June of 1984 will always be remembered as a [terrible event] in Sikh history. In the first week of June, the Indian Army launched a full-scale attack on the Golden Temple, the holiest of the Sikh holy place of worship. The army’s pretext was flushing out Sikh militants from the Golden Temple. The overwhelming numbers of victims killed were, however, ordinary devotees who had come to pay obeisance to the fifth Sikh guru on the anniversary of his martyrdom.

The 1984 Indian army’s attack on the Golden Temple, as well as attacks many other Sikh Shrines to follow, shocked the Sikh diaspora. Thousands of Sikhs were massacred in the Golden Temple, including women and children. The Indian government attempted to suppress the news of their dastardly act worldwide.

Gurinder Singh Grewal’s interview with Ranjit Singh Gill and Sukhminder Sandhu in New York jail.

Mr. Narinder Singh Somal

When I first heard the news of the attack, I was coming from Canada with my family. As we reached home I called my uncle Amrik Singh Gill. A meeting was called by Mr. H.S. Dhatt, who was the secretary of the Gurudwara in Stockton, California. Several hundred Sikhs from all over Northern California attended. The room was filled with both anger and sadness. We were caught by surprise. There was no justification for massacring the Sikhs who had come to pray at the Golden Temple. This was an attack on our religion. What could we do to help our brethren back home? What could we do to prevent this from happening again?

There were many ideas borne at this meeting, and I and others took action on one in particular: It was vital for there to be Sikh media. We considered a newspaper or maybe even a radio station. Sikh revolutionaries in the past had published a newspaper from Stockton called ‘Gaddar Di Gunj’. After several more meetings and brainstorming, it seemed that Stockton was again the right place to publish from. None of us had any experience in publishing or running a newspaper organization. Under the circumstances, no one was interested in studying or making a business plan. Emotions were high, and everyone wanted action. The decision was made to start the newspaper from Stockton.
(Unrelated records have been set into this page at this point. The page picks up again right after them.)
(* Let $(E,\|\cdot\|)$ be a real Banach space and $\mathcal{C}\subset E$ a closed convex cone with $\mathbb{R}_+\mathcal{C}=\mathcal{C}$ and $\mathcal{C}\cap(-\mathcal{C})=\{0\}$. Assume: (H1) there are $\ell\in E'$ with $\|\ell\|=1$ and $K\in[1,\infty)$ with $\langle\ell,\phi\rangle\ge\frac1K\|\phi\|$ for all $\phi\in\mathcal{C}$; (H2) $\rho\in(0,1]$ is fixed such that $\mathcal{C}(\rho)=\{\phi\in\mathcal{C}:B(\phi,\rho\|\phi\|)\subset\mathcal{C}\}$ contains a nonzero element. Set $\mathcal{C}_{\ell=1}(\rho)=\{\phi\in\mathcal{C}(\rho):\langle\ell,\phi\rangle=1\}$. Let $\mathcal{M}\subset L(E)$ be a collection of operators such that, for some $1\le\vartheta<\infty$ and every $L\in\mathcal{M}$: (H3) $L(\mathcal{C}\setminus\{0\})\subset\mathcal{C}(\rho)\setminus\{0\}$, and (H4) $\frac1\vartheta\le\|L\|\le\vartheta$. Let $(\Omega,\mathcal{F},\mathbb{P})$ be a probability space with an invertible, measure-preserving, ergodic map $\tau$. Let $X=L^\infty(\Omega,E)$ be the Banach space of uniformly bounded Bochner measurable maps $\boldsymbol{\phi}=(\phi_\omega)_{\omega\in\Omega}:\Omega\to E$ with norm $\sup_\omega\|\phi_\omega\|$. Let $(\mathcal{L}_\omega)_{\omega\in\Omega}$ be a family with values in $\mathcal{M}$ such that $\mathbf{L}:X\to X$, $(\mathbf{L}\boldsymbol{\phi})_\omega=\mathcal{L}_{\tau^{-1}\omega}\phi_{\tau^{-1}\omega}$, is well defined (i.e. preserves Bochner measurability of sections). For $\boldsymbol{\phi}\in X$ with $\phi_\omega\in\mathcal{C}\setminus\{0\}$ for all $\omega$, define \[(\boldsymbol{\pi}(\boldsymbol{\phi}))_\omega=\frac{\mathcal{L}_{\tau^{-1}\omega}\phi_{\tau^{-1}\omega}}{\langle\ell,\mathcal{L}_{\tau^{-1}\omega}\phi_{\tau^{-1}\omega}\rangle}.\] Then $\boldsymbol{\pi}$ admits a unique fixed point section $\mathbf{f}=\boldsymbol{\pi}(\mathbf{f})\in X$ with $f_\omega\in\mathcal{C}_{\ell=1}(\rho)$ for all $\omega\in\Omega$.
   Context: A map $\Omega\to E$ is Bochner measurable if it is a uniform limit of $\mathcal{F}$-measurable maps with countable image. *)

theory Defs
  imports "HOL-Probability.Probability"
begin

definition meas_preserving :: "'w measure \<Rightarrow> ('w \<Rightarrow> 'w) \<Rightarrow> bool" where
  "meas_preserving P T \<longleftrightarrow> T \<in> measurable P P \<and>
     (\<forall>A \<in> sets P. emeasure P (T -` A \<inter> space P) = emeasure P A)"

definition ergodic_map :: "'w measure \<Rightarrow> ('w \<Rightarrow> 'w) \<Rightarrow> bool" where
  "ergodic_map P T \<longleftrightarrow> (\<forall>A \<in> sets P. T -` A \<inter> space P = A \<longrightarrow>
       emeasure P A = 0 \<or> emeasure P A = 1)"

definition countably_valued_meas :: "'w measure \<Rightarrow> ('w \<Rightarrow> 'e) \<Rightarrow> bool" where
  "countably_valued_meas P g \<longleftrightarrow> countable (g ` space P) \<and>
     (\<forall>y. g -` {y} \<inter> space P \<in> sets P)"

definition bochner_meas :: "'w measure \<Rightarrow> ('w \<Rightarrow> 'e::metric_space) \<Rightarrow> bool" where
  "bochner_meas P f \<longleftrightarrow> (\<exists>g :: nat \<Rightarrow> 'w \<Rightarrow> 'e. (\<forall>n. countably_valued_meas P (g n)) \<and>
     (\<forall>e>0. \<exists>N. \<forall>n\<ge>N. \<forall>\<omega>\<in>space P. dist (g n \<omega>) (f \<omega>) < e))"

definition Linf_sections :: "'w measure \<Rightarrow> ('w \<Rightarrow> 'e::real_normed_vector) set" where
  "Linf_sections P = {f. bochner_meas P f \<and> (\<exists>B. \<forall>\<omega>\<in>space P. norm (f \<omega>) \<le> B)}"

definition cone_rho :: "'e::real_normed_vector set \<Rightarrow> real \<Rightarrow> 'e set" where
  "cone_rho C \<rho> = {\<phi> \<in> C. ball \<phi> (\<rho> * norm \<phi>) \<subseteq> C}"

definition cone_rho_l1 :: "'e::real_normed_vector set \<Rightarrow> real \<Rightarrow> ('e \<Rightarrow> real) \<Rightarrow> 'e set" where
  "cone_rho_l1 C \<rho> ell = {\<phi> \<in> cone_rho C \<rho>. ell \<phi> = 1}"

definition proj_op :: "('w \<Rightarrow> 'e \<Rightarrow> 'e) \<Rightarrow> ('w \<Rightarrow> 'w) \<Rightarrow> ('e \<Rightarrow> real) \<Rightarrow> ('w \<Rightarrow> 'e) \<Rightarrow> 'w \<Rightarrow> 'e::real_normed_vector" where
  "proj_op Lf \<tau>i ell \<phi> \<omega> = (1 / ell (Lf (\<tau>i \<omega>) (\<phi> (\<tau>i \<omega>)))) *\<^sub>R Lf (\<tau>i \<omega>) (\<phi> (\<tau>i \<omega>))"
definition G_system :: "('g, 'b) monoid_scheme \<Rightarrow> ('x::metric_space) set \<Rightarrow> ('g \<Rightarrow> 'x \<Rightarrow> 'x) \<Rightarrow> bool" where
  "G_system G X T \<longleftrightarrow> group G \<and> countable (carrier G) \<and> compact X \<and>
     (\<forall>g\<in>carrier G. homeomorphism X X (T g) (T (inv\<^bsub>G\<^esub> g))) \<and>
     (\<forall>x\<in>X. T \<one>\<^bsub>G\<^esub> x = x) \<and>
     (\<forall>g\<in>carrier G. \<forall>h\<in>carrier G. \<forall>x\<in>X. T (g \<otimes>\<^bsub>G\<^esub> h) x = T g (T h x))"

definition orbit :: "('g \<Rightarrow> 'x \<Rightarrow> 'x) \<Rightarrow> 'g set \<Rightarrow> 'x \<Rightarrow> 'x set" where
  "orbit T A x = (\<lambda>g. T g x) ` A"

definition top_transitive :: "('g, 'b) monoid_scheme \<Rightarrow> ('x::metric_space) set \<Rightarrow> ('g \<Rightarrow> 'x \<Rightarrow> 'x) \<Rightarrow> bool" where
  "top_transitive G X T \<longleftrightarrow> (\<forall>U V. openin (top_of_set X) U \<and> U \<noteq> {} \<and>
      openin (top_of_set X) V \<and> V \<noteq> {} \<longrightarrow> (\<exists>g\<in>carrier G. T g ` U \<inter> V \<noteq> {}))"

definition faithful :: "('g, 'b) monoid_scheme \<Rightarrow> 'x set \<Rightarrow> ('g \<Rightarrow> 'x \<Rightarrow> 'x) \<Rightarrow> bool" where
  "faithful G X T \<longleftrightarrow> (\<forall>g\<in>carrier G. (\<forall>x\<in>X. T g x = x) \<longrightarrow> g = \<one>\<^bsub>G\<^esub>)"

definition periodic_points :: "('g, 'b) monoid_scheme \<Rightarrow> 'x set \<Rightarrow> ('g \<Rightarrow> 'x \<Rightarrow> 'x) \<Rightarrow> 'x set" where
  "periodic_points G X T = {x\<in>X. finite (orbit T (carrier G) x)}"

definition invariant :: "'g set \<Rightarrow> ('g \<Rightarrow> 'x \<Rightarrow> 'x) \<Rightarrow> 'x set \<Rightarrow> bool" where
  "invariant A T Z \<longleftrightarrow> (\<forall>g\<in>A. T g ` Z \<subseteq> Z)"
lemma pderiv_var_single:
  "pderiv_var i (Poly_Mapping.single m c) =
    (if Poly_Mapping.lookup m i = 0 then 0
     else Poly_Mapping.single (m - Poly_Mapping.single i 1) (of_nat (Poly_Mapping.lookup m i) * c))"
proof (rule poly_mapping_eqI)
  fix p
  let ?e = "Poly_Mapping.single i (1::nat)"
  show "Poly_Mapping.lookup (pderiv_var i (Poly_Mapping.single m c)) p =
    Poly_Mapping.lookup (if Poly_Mapping.lookup m i = 0 then 0
     else Poly_Mapping.single (m - ?e) (of_nat (Poly_Mapping.lookup m i) * c)) p"
  proof (cases "m = p + ?e")
    case True
    then have "Poly_Mapping.lookup p i + 1 = Poly_Mapping.lookup m i" by (simp add: lookup_add)
    moreover from True have "Poly_Mapping.lookup m i \<noteq> 0 \<and> m - ?e = p"
      unfolding eq_add_single_iff .
    ultimately show ?thesis using True by (simp add: lookup_pderiv_var lookup_single when_def)
  next
    case False
    then have "\<not> (Poly_Mapping.lookup m i \<noteq> 0 \<and> m - ?e = p)" unfolding eq_add_single_iff .
    then show ?thesis using False by (auto simp: lookup_pderiv_var lookup_single when_def)
  qed
qed

lemma pderiv_var_single_mult:
  fixes c d :: "'a::comm_ring_1"
  shows "pderiv_var i (Poly_Mapping.single m c * Poly_Mapping.single m' d) =
    pderiv_var i (Poly_Mapping.single m c) * Poly_Mapping.single m' d +
    Poly_Mapping.single m c * pderiv_var i (Poly_Mapping.single m' d)"
proof -
  let ?e = "Poly_Mapping.single i (Suc 0)"
  let ?a = "Poly_Mapping.lookup m i" and ?b = "Poly_Mapping.lookup m' i"
  have lookup_sum: "Poly_Mapping.lookup (m + m') i = ?a + ?b" by (simp add: lookup_add)
  have "?a \<noteq> 0 \<Longrightarrow> m' + (m - ?e) = m + m' - ?e" and "?b \<noteq> 0 \<Longrightarrow> m + (m' - ?e) = m + m' - ?e"
    by (auto simp: poly_mapping_eq_iff fun_eq_iff lookup_add lookup_minus lookup_single when_def)
  then show ?thesis
    unfolding mult_single pderiv_var_single lookup_sum
    by (cases "?a = 0"; cases "?b = 0") (simp_all add: mult_single single_add[symmetric] algebra_simps)
qed

lemma poly_mapping_eq_sum_single:
  "f = (\<Sum>m\<in>Poly_Mapping.keys f. Poly_Mapping.single m (Poly_Mapping.lookup f m))"
proof (rule poly_mapping_eqI)
  fix p
  have "(\<Sum>m\<in>Poly_Mapping.keys f. Poly_Mapping.lookup (Poly_Mapping.single m (Poly_Mapping.lookup f m)) p)
      = (\<Sum>m\<in>Poly_Mapping.keys f. if p = m then Poly_Mapping.lookup f m else 0)"
    by (rule sum.cong) (auto simp: lookup_single when_def)
  then show "Poly_Mapping.lookup f p = Poly_Mapping.lookup
      (\<Sum>m\<in>Poly_Mapping.keys f. Poly_Mapping.single m (Poly_Mapping.lookup f m)) p"
    by (simp add: lookup_sum in_keys_iff)
qed

lemma pderiv_var_mult:
  fixes f g :: "('n \<Rightarrow>\<^sub>0 nat) \<Rightarrow>\<^sub>0 'a::comm_ring_1"
  shows "pderiv_var i (f * g) = pderiv_var i f * g + f * pderiv_var i g"
proof -
  define sf where "sf m = Poly_Mapping.single m (Poly_Mapping.lookup f m)" for m
  define sg where "sg m = Poly_Mapping.single m (Poly_Mapping.lookup g m)" for m
  have f: "f = (\<Sum>m\<in>Poly_Mapping.keys f. sf m)" unfolding sf_def by (rule poly_mapping_eq_sum_single)
  have g: "g = (\<Sum>m\<in>Poly_Mapping.keys g. sg m)" unfolding sg_def by (rule poly_mapping_eq_sum_single)
  have "f * g = (\<Sum>a\<in>Poly_Mapping.keys f. \<Sum>b\<in>Poly_Mapping.keys g. sf a * sg b)"
    by (subst f, subst g) (simp add: sum_product)
  then have "pderiv_var i (f * g) =
      (\<Sum>a\<in>Poly_Mapping.keys f. \<Sum>b\<in>Poly_Mapping.keys g. pderiv_var i (sf a) * sg b)
      + (\<Sum>a\<in>Poly_Mapping.keys f. \<Sum>b\<in>Poly_Mapping.keys g. sf a * pderiv_var i (sg b))"
    by (simp add: pderiv_var_sum sf_def sg_def pderiv_var_single_mult sum.distrib)
  also have "\<dots> = pderiv_var i f * g + f * pderiv_var i g"
    by (subst (3 4) f, subst (3 4) g) (simp add: pderiv_var_sum sum_product)
  finally show ?thesis .
qed

lemma derivation_pderiv_var: "derivation (pderiv_var i :: ('n, 'a::comm_ring_1) mpoly \<Rightarrow> _)"
  unfolding derivation_def by (simp add: pderiv_var_add pderiv_var_mult)

lemma nat_seq_mono_subseq:
  fixes u :: "nat \<Rightarrow> nat"
  obtains r :: "nat \<Rightarrow> nat" where "strict_mono r" and "mono (u \<circ> r)"
proof -
  obtain f where f: "strict_mono f" and "monoseq (\<lambda>n. u (f n))" using seq_monosub by blast
  then consider "mono (u \<circ> f)" | "antimono (u \<circ> f)"
    unfolding monoseq_iff by (auto simp: comp_def)
  then show ?thesis
  proof cases
    case 1
    then show ?thesis by (rule that[OF f])
  next
    case 2
    obtain n0 where n0: "\<And>n. u (f n0) \<le> u (f n)"
      using ex_has_least_nat[of "\<lambda>_. True" 0 "\<lambda>n. u (f n)"] by auto
    have const: "u (f (n0 + n)) = u (f n0)" for n
      using n0[of "n0 + n"] 2 by (auto simp: antimono_def intro: antisym)
    have "strict_mono (\<lambda>n. f (n0 + n))" using f by (simp add: strict_mono_def)
    moreover have "mono (u \<circ> (\<lambda>n. f (n0 + n)))" by (simp add: mono_def const)
    ultimately show ?thesis by (rule that)
  qed
qed

lemma dickson_subseq:
  fixes s :: "nat \<Rightarrow> 'n \<Rightarrow> nat"
  assumes "finite S"
  shows "\<exists>r::nat \<Rightarrow> nat. strict_mono r \<and> (\<forall>i j. i \<le> j \<longrightarrow> (\<forall>x\<in>S. s (r i) x \<le> s (r j) x))"
  using assms
proof (induction S rule: finite_induct)
  case empty
  have "strict_mono (id :: nat \<Rightarrow> nat)" by (rule strict_mono_id)
  then show ?case by blast
next
  case (insert c S)
  then obtain r :: "nat \<Rightarrow> nat" where r: "strict_mono r"
    and rS: "\<And>i j x. i \<le> j \<Longrightarrow> x \<in> S \<Longrightarrow> s (r i) x \<le> s (r j) x"
    by blast
  obtain r' :: "nat \<Rightarrow> nat" where r': "strict_mono r'" and c: "mono ((\<lambda>n. s (r n) c) \<circ> r')"
    by (rule nat_seq_mono_subseq[of "\<lambda>n. s (r n) c"])
  have "s (r (r' i)) x \<le> s (r (r' j)) x" if "i \<le> j" "x \<in> insert c S" for i j x
  proof (cases "x = c")
    case True
    then show ?thesis using c \<open>i \<le> j\<close> by (simp add: mono_def)
  next
    case False
    moreover have "r' i \<le> r' j" using strict_mono_mono[OF r'] \<open>i \<le> j\<close> by (simp add: mono_def)
    ultimately show ?thesis using rS that by simp
  qed
  moreover have "strict_mono (r \<circ> r')" using r r' by (simp add: strict_mono_def)
  ultimately show ?case by auto
qed

lemma dickson:
  fixes s :: "nat \<Rightarrow> 'n::finite \<Rightarrow> nat"
  obtains i j where "i < j" and "s i \<le> s j"
proof -
  obtain r :: "nat \<Rightarrow> nat" where "strict_mono r" and "\<forall>i j. i \<le> j \<longrightarrow> (\<forall>x. s (r i) x \<le> s (r j) x)"
    using dickson_subseq[of UNIV s] by auto
  then have "r 0 < r 1" and "s (r 0) \<le> s (r 1)" by (simp_all add: strict_mono_def le_fun_def)
  then show ?thesis using that by blast
qed

text \<open>Variables are compared through an injection \<open>enc\<close> into \<open>nat\<close>, since the
  variable type carries no order.\<close>

definition lex_less :: "('n \<Rightarrow> nat) \<Rightarrow> ('n \<Rightarrow>\<^sub>0 nat) \<Rightarrow> ('n \<Rightarrow>\<^sub>0 nat) \<Rightarrow> bool" where
  "lex_less enc m m' \<longleftrightarrow> (\<exists>x. Poly_Mapping.lookup m x < Poly_Mapping.lookup m' x \<and>
      (\<forall>y. enc y < enc x \<longrightarrow> Poly_Mapping.lookup m y = Poly_Mapping.lookup m' y))"

definition lex_le :: "('n \<Rightarrow> nat) \<Rightarrow> ('n \<Rightarrow>\<^sub>0 nat) \<Rightarrow> ('n \<Rightarrow>\<^sub>0 nat) \<Rightarrow> bool" where
  "lex_le enc m m' \<longleftrightarrow> m = m' \<or> lex_less enc m m'"

lemma lex_less_irrefl: "\<not> lex_less enc m m"
  unfolding lex_less_def by auto

lemma lex_less_add_left: "lex_less enc a b \<Longrightarrow> lex_less enc (d + a) (d + b)"
  unfolding lex_less_def by (simp add: lookup_add)

lemma lex_le_add_left: "lex_le enc a b \<Longrightarrow> lex_le enc (d + a) (d + b)"
  unfolding lex_le_def using lex_less_add_left by blast

lemma lex_less_total:
  assumes "m \<noteq> m'"
  shows "lex_less enc m m' \<or> lex_less enc m' m"
proof -
  obtain x0 where "Poly_Mapping.lookup m x0 \<noteq> Poly_Mapping.lookup m' x0"
    using assms by (metis poly_mapping_eqI)
  then obtain x where x: "Poly_Mapping.lookup m x \<noteq> Poly_Mapping.lookup m' x"
    and x_min: "\<And>y. Poly_Mapping.lookup m y \<noteq> Poly_Mapping.lookup m' y \<Longrightarrow> enc x \<le> enc y"
    using ex_has_least_nat[of "\<lambda>y. Poly_Mapping.lookup m y \<noteq> Poly_Mapping.lookup m' y" x0 enc] by blast
  then have "\<forall>y. enc y < enc x \<longrightarrow> Poly_Mapping.lookup m y = Poly_Mapping.lookup m' y"
    by (meson not_le)
  then show ?thesis
    using x unfolding lex_less_def by (metis linorder_neqE_nat)
qed

lemma lex_le_if_le:
  assumes "\<And>x. Poly_Mapping.lookup a x \<le> Poly_Mapping.lookup b x"
  shows "lex_le enc a b"
proof -
  have "\<not> lex_less enc b a" using assms unfolding lex_less_def by (meson not_le)
  then show ?thesis using lex_less_total unfolding lex_le_def by blast
qed

context
  fixes enc :: "'n::finite \<Rightarrow> nat"
  assumes enc: "inj enc"
begin

lemma lex_less_trans:
  assumes "lex_less enc a b" and "lex_less enc b c"
  shows "lex_less enc a c"
proof -
  obtain x where x: "Poly_Mapping.lookup a x < Poly_Mapping.lookup b x"
    "\<forall>y. enc y < enc x \<longrightarrow> Poly_Mapping.lookup a y = Poly_Mapping.lookup b y"
    using assms(1) unfolding lex_less_def by blast
  obtain x' where x': "Poly_Mapping.lookup b x' < Poly_Mapping.lookup c x'"
    "\<forall>y. enc y < enc x' \<longrightarrow> Poly_Mapping.lookup b y = Poly_Mapping.lookup c y"
    using assms(2) unfolding lex_less_def by blast
  consider "enc x < enc x'" | "enc x' < enc x" | "x = x'"
    using enc by (metis injD linorder_neqE_nat)
  then show ?thesis
    unfolding lex_less_def using x x' by cases (metis order.strict_trans)+
qed

lemma lex_le_trans: "lex_le enc a b \<Longrightarrow> lex_le enc b c \<Longrightarrow> lex_le enc a c"
  unfolding lex_le_def using lex_less_trans by blast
Mr. Narinder Singh Somal was a real estate broker in Stockton. He offered to share his office at no cost with what became World Sikh News (WSN). His office became a newspaper office and he provided great support throughout the publication of the paper. He also became secretary of WSN. His steadfast support for the WSN was unconditional. From time to time he also provided financial support. Some of the original meeting attendees went to Fresno, California with the message that we need financial support to start a newspaper for the Sikh cause. The response was encouraging and that day in Fresno we collected more than $20,000 to start the project. We then collected a similar amount in Stockton. We felt we had enough money to start. Prof. Manjit Singh, who had come from India with General Bhullar, offered to work for the newspaper. They both claimed to be associated with the Sant Jarnail Singh Bhindranwale in the struggle. Prof. Manjit Singh had also owned a printing press in Chandigarh, and his experience was valuable. He became the first editor of WSN. The first issue of WSN was published in December of 1984. It was published in English, and a Punjabi section was later added. We still knew very little about the newspaper business and we could not afford a printing press. We arranged for weekly printing by the Tracy press, a local newspaper in Tracy, California.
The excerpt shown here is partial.